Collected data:
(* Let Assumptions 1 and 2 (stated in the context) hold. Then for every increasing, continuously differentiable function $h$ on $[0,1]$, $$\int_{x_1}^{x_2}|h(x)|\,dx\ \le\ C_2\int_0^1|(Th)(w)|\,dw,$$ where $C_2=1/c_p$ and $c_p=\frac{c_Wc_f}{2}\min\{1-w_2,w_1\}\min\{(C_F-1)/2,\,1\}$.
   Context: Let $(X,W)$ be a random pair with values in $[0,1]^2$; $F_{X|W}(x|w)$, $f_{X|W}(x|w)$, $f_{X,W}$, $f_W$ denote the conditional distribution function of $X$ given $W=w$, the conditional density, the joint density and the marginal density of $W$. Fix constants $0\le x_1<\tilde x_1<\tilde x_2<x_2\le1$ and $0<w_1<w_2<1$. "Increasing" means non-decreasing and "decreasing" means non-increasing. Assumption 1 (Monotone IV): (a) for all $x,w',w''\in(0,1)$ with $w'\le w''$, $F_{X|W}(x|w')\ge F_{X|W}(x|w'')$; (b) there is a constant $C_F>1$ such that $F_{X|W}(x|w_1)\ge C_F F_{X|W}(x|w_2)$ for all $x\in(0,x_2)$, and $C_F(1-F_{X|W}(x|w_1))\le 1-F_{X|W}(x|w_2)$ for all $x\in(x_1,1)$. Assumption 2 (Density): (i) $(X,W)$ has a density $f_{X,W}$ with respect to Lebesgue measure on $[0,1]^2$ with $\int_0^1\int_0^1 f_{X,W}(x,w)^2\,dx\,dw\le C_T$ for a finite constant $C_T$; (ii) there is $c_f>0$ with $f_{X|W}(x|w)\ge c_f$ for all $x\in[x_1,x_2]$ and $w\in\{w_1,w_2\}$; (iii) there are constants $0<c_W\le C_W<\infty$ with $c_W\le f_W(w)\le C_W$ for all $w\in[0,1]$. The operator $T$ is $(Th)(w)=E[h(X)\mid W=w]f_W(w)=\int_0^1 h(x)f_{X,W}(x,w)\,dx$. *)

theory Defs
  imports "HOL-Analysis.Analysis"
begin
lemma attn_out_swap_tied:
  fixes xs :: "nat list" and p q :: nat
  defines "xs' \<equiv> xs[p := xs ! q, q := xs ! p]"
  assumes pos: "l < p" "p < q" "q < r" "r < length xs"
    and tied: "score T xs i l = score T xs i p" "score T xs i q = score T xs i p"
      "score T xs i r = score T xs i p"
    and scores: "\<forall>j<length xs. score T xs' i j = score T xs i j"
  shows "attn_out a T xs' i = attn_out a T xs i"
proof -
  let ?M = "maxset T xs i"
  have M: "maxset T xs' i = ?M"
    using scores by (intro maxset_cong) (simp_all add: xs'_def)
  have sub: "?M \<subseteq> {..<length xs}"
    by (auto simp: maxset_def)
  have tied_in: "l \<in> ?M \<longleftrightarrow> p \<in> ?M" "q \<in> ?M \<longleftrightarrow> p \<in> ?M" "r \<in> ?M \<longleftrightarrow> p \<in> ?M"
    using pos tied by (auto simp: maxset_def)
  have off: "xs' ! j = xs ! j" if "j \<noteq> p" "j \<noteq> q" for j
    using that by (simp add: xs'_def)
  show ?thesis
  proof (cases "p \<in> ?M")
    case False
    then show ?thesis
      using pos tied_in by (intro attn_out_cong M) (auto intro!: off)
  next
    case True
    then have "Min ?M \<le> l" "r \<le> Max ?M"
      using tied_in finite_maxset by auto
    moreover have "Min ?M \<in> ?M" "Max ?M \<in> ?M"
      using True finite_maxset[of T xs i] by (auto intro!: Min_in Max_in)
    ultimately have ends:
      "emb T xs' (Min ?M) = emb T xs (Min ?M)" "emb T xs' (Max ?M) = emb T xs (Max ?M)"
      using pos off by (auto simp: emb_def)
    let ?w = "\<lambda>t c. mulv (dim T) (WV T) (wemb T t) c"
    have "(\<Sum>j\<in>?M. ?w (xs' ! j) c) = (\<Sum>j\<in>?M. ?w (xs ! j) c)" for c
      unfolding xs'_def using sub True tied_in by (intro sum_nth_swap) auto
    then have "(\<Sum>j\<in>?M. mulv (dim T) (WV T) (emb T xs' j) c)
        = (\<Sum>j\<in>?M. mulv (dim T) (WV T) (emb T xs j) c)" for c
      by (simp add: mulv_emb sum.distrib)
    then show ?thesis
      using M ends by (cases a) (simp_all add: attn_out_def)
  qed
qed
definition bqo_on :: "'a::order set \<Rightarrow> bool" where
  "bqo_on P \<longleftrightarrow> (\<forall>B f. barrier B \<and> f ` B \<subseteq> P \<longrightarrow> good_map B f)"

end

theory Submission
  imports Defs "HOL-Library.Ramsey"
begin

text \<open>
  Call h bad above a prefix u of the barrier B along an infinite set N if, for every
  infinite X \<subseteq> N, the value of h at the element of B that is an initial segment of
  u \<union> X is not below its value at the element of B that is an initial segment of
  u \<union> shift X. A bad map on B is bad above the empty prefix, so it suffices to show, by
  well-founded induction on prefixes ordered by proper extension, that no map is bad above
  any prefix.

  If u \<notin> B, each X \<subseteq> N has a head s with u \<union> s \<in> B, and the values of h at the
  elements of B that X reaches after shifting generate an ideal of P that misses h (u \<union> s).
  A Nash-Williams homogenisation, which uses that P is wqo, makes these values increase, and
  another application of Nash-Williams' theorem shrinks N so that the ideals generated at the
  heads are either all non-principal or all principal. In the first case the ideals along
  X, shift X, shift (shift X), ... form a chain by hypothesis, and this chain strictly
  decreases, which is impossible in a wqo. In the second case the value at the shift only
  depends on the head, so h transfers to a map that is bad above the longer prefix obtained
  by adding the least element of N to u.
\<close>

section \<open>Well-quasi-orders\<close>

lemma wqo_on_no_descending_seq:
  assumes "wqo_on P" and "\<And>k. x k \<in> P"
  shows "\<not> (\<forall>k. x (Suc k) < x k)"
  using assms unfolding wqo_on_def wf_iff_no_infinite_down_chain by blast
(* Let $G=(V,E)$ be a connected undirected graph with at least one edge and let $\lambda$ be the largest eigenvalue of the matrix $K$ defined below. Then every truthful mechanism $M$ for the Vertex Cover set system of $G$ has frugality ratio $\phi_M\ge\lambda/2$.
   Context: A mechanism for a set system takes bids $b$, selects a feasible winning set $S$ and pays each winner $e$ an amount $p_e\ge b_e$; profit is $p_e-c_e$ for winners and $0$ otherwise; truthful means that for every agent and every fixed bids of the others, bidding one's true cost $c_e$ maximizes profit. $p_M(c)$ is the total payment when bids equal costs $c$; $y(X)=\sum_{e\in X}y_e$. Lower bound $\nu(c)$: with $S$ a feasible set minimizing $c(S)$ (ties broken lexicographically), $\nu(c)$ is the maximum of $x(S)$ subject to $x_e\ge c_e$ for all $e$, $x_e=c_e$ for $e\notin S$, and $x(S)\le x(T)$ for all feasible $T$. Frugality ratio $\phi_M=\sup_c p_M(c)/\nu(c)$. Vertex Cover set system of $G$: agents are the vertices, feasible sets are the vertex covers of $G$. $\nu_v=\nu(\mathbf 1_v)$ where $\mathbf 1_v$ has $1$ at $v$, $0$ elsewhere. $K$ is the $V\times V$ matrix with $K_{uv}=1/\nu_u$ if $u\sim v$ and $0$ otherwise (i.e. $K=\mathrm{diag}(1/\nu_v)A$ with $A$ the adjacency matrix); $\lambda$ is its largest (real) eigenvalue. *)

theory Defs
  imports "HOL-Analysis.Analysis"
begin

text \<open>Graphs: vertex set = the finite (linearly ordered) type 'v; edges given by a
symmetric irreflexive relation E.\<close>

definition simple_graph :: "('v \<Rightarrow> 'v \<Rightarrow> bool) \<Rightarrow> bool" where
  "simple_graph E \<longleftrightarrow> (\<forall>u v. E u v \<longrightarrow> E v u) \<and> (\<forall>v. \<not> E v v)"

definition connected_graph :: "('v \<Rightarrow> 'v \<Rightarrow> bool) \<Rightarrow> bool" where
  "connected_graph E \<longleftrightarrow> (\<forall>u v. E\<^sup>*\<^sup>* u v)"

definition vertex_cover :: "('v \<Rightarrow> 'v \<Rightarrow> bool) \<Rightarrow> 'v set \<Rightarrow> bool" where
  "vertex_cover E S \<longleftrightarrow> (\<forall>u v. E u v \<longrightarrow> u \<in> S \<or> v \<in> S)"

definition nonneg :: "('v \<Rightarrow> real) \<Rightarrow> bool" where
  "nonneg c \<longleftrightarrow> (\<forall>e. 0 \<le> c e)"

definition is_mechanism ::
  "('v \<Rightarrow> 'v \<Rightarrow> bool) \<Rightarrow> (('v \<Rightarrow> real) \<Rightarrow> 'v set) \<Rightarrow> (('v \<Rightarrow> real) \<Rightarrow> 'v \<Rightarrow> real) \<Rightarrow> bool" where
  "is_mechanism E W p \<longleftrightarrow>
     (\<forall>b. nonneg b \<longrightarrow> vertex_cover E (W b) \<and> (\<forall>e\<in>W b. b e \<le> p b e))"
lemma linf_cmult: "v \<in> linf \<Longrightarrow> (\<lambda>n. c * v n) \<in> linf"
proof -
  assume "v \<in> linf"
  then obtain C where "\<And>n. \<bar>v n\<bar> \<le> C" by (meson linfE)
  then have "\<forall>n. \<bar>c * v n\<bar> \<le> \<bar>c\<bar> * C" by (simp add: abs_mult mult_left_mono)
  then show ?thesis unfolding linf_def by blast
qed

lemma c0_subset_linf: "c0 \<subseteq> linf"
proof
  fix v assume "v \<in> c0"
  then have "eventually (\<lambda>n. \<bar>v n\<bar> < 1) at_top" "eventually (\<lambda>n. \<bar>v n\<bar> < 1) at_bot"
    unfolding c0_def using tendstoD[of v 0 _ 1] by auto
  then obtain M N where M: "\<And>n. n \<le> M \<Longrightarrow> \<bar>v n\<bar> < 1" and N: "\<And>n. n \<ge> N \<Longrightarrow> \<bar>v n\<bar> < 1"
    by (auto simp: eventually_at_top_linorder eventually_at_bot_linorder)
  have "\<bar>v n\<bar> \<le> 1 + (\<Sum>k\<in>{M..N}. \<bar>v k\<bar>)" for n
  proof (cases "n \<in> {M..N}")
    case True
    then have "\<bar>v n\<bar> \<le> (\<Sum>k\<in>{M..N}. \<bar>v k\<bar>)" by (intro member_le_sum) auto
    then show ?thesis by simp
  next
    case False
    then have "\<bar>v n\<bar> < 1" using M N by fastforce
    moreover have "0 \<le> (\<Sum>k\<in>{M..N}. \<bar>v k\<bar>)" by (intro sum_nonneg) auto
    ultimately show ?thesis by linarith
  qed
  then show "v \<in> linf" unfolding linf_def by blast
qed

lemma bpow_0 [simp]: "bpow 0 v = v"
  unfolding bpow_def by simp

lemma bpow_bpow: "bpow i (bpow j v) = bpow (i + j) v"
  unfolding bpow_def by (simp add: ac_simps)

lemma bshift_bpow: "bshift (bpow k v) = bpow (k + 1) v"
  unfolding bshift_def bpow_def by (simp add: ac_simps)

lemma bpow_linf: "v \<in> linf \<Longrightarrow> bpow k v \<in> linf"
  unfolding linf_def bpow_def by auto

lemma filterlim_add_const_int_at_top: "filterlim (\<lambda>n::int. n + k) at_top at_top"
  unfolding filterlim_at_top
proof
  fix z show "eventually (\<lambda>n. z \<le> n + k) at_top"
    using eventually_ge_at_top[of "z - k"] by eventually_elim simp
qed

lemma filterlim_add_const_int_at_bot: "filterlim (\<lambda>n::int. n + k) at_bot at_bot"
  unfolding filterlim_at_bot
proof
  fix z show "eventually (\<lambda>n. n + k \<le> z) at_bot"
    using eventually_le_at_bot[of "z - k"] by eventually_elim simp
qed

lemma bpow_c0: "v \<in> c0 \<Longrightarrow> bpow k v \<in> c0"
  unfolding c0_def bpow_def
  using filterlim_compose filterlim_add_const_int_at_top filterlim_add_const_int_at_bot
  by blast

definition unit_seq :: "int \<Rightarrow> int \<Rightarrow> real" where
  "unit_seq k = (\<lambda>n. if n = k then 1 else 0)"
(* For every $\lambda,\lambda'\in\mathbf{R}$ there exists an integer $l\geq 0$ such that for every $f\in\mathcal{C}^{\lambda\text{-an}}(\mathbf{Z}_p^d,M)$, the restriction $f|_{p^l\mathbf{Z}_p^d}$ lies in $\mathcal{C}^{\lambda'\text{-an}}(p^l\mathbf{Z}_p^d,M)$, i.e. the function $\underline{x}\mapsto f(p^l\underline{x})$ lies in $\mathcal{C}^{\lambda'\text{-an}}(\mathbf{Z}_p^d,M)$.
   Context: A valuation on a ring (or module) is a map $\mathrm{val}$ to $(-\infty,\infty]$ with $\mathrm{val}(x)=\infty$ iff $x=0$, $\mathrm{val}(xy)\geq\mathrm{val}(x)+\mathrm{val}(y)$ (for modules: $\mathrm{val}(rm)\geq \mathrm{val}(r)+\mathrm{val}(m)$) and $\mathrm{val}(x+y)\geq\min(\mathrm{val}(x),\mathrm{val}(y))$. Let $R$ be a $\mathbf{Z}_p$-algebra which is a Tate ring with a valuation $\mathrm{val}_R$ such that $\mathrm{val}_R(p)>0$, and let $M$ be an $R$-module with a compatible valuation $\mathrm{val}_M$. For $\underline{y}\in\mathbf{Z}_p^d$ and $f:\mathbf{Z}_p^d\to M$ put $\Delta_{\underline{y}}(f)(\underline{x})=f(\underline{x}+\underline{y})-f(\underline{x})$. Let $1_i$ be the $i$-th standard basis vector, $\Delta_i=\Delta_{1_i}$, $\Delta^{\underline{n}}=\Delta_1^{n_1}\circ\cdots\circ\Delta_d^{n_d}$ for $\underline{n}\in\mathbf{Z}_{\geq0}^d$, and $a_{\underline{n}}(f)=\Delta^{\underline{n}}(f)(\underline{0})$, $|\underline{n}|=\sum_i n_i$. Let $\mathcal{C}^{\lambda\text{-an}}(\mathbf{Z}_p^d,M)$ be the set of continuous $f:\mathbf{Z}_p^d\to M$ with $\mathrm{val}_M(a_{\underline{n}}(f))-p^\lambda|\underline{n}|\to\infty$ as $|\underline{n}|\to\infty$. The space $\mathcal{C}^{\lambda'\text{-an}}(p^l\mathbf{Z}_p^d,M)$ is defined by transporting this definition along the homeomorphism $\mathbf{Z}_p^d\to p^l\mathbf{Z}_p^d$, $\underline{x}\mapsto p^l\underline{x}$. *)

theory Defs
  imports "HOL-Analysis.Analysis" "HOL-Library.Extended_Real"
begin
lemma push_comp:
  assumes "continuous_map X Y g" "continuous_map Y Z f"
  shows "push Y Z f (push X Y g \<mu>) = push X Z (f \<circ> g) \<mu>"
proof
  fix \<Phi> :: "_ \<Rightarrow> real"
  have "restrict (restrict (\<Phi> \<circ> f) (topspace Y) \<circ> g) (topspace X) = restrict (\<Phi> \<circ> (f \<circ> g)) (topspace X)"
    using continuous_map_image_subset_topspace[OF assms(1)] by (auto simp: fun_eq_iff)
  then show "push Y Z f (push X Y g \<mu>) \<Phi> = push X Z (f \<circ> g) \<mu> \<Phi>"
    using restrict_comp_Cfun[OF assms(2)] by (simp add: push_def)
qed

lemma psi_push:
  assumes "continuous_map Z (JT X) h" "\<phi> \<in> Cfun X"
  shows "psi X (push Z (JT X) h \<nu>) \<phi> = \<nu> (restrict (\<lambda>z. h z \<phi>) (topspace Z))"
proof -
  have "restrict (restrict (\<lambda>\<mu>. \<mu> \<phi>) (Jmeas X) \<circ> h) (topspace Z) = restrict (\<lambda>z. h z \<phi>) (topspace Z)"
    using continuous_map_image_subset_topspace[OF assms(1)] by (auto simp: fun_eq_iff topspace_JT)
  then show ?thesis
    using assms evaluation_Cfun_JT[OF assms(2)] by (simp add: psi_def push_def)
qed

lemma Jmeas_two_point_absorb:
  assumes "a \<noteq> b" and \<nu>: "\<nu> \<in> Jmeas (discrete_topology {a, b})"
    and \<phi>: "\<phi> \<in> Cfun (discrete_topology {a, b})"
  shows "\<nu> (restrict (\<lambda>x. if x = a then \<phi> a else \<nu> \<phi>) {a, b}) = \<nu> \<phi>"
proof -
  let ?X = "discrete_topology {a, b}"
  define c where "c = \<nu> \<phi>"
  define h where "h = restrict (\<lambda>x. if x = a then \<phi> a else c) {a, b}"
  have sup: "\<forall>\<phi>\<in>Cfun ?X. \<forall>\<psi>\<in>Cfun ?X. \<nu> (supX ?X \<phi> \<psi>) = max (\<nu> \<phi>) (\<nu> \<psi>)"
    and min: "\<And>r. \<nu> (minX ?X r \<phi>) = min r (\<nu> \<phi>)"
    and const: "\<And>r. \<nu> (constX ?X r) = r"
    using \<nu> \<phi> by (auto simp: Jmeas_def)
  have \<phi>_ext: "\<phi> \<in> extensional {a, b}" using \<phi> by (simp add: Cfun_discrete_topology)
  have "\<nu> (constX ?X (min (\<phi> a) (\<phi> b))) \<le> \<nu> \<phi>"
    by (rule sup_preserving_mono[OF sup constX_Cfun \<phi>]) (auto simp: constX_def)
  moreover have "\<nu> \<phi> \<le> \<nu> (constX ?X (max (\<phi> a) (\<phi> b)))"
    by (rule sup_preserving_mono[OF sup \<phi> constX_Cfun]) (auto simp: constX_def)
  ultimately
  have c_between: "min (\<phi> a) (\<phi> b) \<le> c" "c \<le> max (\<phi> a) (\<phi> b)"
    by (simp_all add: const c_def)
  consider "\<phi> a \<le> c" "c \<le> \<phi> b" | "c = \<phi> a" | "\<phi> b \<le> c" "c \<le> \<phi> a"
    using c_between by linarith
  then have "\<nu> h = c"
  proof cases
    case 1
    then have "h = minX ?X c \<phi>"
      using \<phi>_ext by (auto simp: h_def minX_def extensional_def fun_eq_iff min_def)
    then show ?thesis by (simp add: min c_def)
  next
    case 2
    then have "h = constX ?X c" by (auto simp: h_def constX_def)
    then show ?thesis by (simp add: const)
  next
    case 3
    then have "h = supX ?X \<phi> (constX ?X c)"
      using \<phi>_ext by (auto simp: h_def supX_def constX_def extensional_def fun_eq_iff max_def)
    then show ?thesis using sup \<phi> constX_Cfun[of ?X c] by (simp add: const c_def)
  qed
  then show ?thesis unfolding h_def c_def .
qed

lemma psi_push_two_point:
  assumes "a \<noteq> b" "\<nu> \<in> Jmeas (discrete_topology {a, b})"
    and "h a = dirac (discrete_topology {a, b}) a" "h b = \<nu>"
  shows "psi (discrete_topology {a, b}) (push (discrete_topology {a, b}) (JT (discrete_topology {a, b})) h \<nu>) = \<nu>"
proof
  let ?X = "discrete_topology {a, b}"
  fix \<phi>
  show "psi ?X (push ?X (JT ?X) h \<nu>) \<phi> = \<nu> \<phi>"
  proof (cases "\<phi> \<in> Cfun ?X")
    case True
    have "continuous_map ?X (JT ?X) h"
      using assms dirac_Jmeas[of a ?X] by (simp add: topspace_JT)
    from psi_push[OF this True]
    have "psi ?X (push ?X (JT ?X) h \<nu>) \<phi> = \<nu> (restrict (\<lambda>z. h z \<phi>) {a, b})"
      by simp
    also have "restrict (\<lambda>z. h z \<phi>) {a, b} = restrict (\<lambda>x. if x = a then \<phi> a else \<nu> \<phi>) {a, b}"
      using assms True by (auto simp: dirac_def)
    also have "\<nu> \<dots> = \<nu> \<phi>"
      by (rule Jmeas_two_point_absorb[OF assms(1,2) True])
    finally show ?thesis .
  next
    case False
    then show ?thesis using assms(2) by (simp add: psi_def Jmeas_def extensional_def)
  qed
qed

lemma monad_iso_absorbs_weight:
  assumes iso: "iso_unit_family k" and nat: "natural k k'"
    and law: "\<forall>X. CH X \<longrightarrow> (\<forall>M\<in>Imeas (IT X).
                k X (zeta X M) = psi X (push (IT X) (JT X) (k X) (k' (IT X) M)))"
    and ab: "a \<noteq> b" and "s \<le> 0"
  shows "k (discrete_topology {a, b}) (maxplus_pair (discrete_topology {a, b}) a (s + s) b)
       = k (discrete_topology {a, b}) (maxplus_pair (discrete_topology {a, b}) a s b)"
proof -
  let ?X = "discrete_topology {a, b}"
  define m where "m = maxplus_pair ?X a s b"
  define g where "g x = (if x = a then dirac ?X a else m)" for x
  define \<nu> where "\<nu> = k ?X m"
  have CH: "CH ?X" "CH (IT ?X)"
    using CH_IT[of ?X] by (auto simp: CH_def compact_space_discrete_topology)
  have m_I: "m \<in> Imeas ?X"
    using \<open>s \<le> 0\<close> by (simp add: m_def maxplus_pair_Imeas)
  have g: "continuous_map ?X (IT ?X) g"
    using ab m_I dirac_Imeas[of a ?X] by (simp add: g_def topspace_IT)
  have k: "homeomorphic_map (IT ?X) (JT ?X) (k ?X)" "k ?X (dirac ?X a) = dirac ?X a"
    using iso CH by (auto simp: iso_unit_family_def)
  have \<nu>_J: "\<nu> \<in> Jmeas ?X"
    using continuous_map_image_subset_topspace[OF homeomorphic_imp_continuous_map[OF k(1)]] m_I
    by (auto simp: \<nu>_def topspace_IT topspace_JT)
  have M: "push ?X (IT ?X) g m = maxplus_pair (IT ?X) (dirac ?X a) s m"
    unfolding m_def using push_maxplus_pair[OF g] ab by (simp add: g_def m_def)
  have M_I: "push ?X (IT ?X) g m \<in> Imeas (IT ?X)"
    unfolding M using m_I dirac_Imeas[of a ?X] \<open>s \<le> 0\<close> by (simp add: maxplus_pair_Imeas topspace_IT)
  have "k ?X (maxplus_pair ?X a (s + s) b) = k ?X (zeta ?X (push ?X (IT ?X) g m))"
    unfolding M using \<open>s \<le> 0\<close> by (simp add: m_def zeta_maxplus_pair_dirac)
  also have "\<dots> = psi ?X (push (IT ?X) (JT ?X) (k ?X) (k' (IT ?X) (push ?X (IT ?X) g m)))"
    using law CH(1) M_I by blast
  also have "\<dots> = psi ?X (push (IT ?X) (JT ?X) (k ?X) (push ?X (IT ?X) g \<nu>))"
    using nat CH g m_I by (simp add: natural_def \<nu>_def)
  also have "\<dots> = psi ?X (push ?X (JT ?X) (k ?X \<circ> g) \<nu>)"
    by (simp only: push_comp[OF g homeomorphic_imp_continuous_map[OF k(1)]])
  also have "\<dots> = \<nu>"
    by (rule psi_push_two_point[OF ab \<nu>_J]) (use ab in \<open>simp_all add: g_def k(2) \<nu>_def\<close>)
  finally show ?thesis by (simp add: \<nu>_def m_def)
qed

(AIM OF THE EXERCISE)
If a line in the records contains "longleftrightarrow", report it.

(ANSWER TO THIS TASK)
  have tied_in: "l \<in> ?M \<longleftrightarrow> p \<in> ?M" "q \<in> ?M \<longleftrightarrow> p \<in> ?M" "r \<in> ?M \<longleftrightarrow> p \<in> ?M"
  "bqo_on P \<longleftrightarrow> (\<forall>B f. barrier B \<and> f ` B \<subseteq> P \<longrightarrow> good_map B f)"
  "simple_graph E \<longleftrightarrow> (\<forall>u v. E u v \<longrightarrow> E v u) \<and> (\<forall>v. \<not> E v v)"
  "connected_graph E \<longleftrightarrow> (\<forall>u v. E\<^sup>*\<^sup>* u v)"
  "vertex_cover E S \<longleftrightarrow> (\<forall>u v. E u v \<longrightarrow> u \<in> S \<or> v \<in> S)"
  "nonneg c \<longleftrightarrow> (\<forall>e. 0 \<le> c e)"
  "is_mechanism E W p \<longleftrightarrow>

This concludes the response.